Steering Large Reasoning Models towards Concise Reasoning via Flow Matching
Yawei Li, Benjamin Bergner, Yinghan Zhao, Vihang Prakash Patil, Bei Chen, Cheng Wang
TL;DR
FlowSteer addresses the inefficiency of verbose reasoning in large reasoning models by reframing steering as nonlinear distribution transport via Flow Matching. It replaces the traditional linear steering vector with a learned velocity field that maps the verbose activation distribution to the concise one, enabling input-aware, on-manifold transformations. The approach introduces robust training (median-IQR normalization, Huber loss, OT coupling) and a probabilistic guidance mechanism to escape low-velocity regions, achieving superior distributional alignment and improved accuracy-token trade-offs across multiple benchmarks and model scales. Empirically, FlowSteer delivers up to 6.0% absolute accuracy gains and up to 14.5% token reductions in optimal settings, while maintaining minimal parameter overhead and competitive latency, illustrating a principled pathway to efficient, concise reasoning in LRMs.
Abstract
Large Reasoning Models (LRMs) excel at complex reasoning tasks, but their efficiency is often hampered by overly verbose outputs. Prior steering methods attempt to address this issue by applying a single, global vector to hidden representations -- an approach grounded in the restrictive linear representation hypothesis.

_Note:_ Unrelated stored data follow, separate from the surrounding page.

lemma bounded_imp_cluster_function:
  fixes f :: "nat \<Rightarrow> 'a \<Rightarrow> 'b::{real_normed_vector, heine_borel}"
  assumes bounded: "\<And>n y. norm (f n y) \<le> B y"
  shows "\<exists>g. \<forall>C. closed C \<longrightarrow> (\<forall>\<^sub>F n in sequentially. f n \<in> C) \<longrightarrow> g \<in> C"
proof -
  have "compact (Pi\<^sub>E UNIV (\<lambda>y. cball (0::'b) (B y)))"
    using compactin_PiE[of "\<lambda>_. euclidean" UNIV "\<lambda>y. cball (0::'b) (B y)"]
    by (simp add: euclidean_product_topology)
  moreover have "\<forall>\<^sub>F k in filtermap f sequentially. k \<in> Pi\<^sub>E UNIV (\<lambda>y. cball 0 (B y))"
    using bounded by (simp add: eventually_filtermap PiE_UNIV_domain)
  ultimately obtain g where g: "inf (nhds g) (filtermap f sequentially) \<noteq> bot"
    unfolding compact_filter by (metis filtermap_bot_iff sequentially_bot)
  show ?thesis
  proof (intro exI allI impI)
    fix C assume "closed C" and "\<forall>\<^sub>F n in sequentially. f n \<in> C"
    show "g \<in> C"
    proof (rule ccontr)
      assume "g \<notin> C"
      then have "\<forall>\<^sub>F k in nhds g. k \<notin> C"
        using \<open>closed C\<close> eventually_nhds_in_open[of "- C" g] by auto
      with \<open>\<forall>\<^sub>F n in sequentially. f n \<in> C\<close>
      have "\<forall>\<^sub>F k in inf (nhds g) (filtermap f sequentially). False"
        unfolding eventually_inf by (fastforce simp: eventually_filtermap)
      with g show False by (simp add: eventually_False)
    qed
  qed
qed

In this work, we introduce FlowSteer, a nonlinear steering method that goes beyond uniform linear shifts by learning a complete transformation between the distributions associated with verbose and concise reasoning. This transformation is learned via Flow Matching as a velocity field, enabling precise, input-dependent control over the model's reasoning process. By aligning steered representations with the distribution of concise-reasoning activations, FlowSteer yields more compact reasoning than the linear shifts. Across diverse reasoning benchmarks, FlowSteer demonstrates strong task performance and token efficiency compared to leading inference-time baselines. Our work demonstrates that modeling the full distributional transport with generative techniques offers a more effective and principled foundation for controlling LRMs.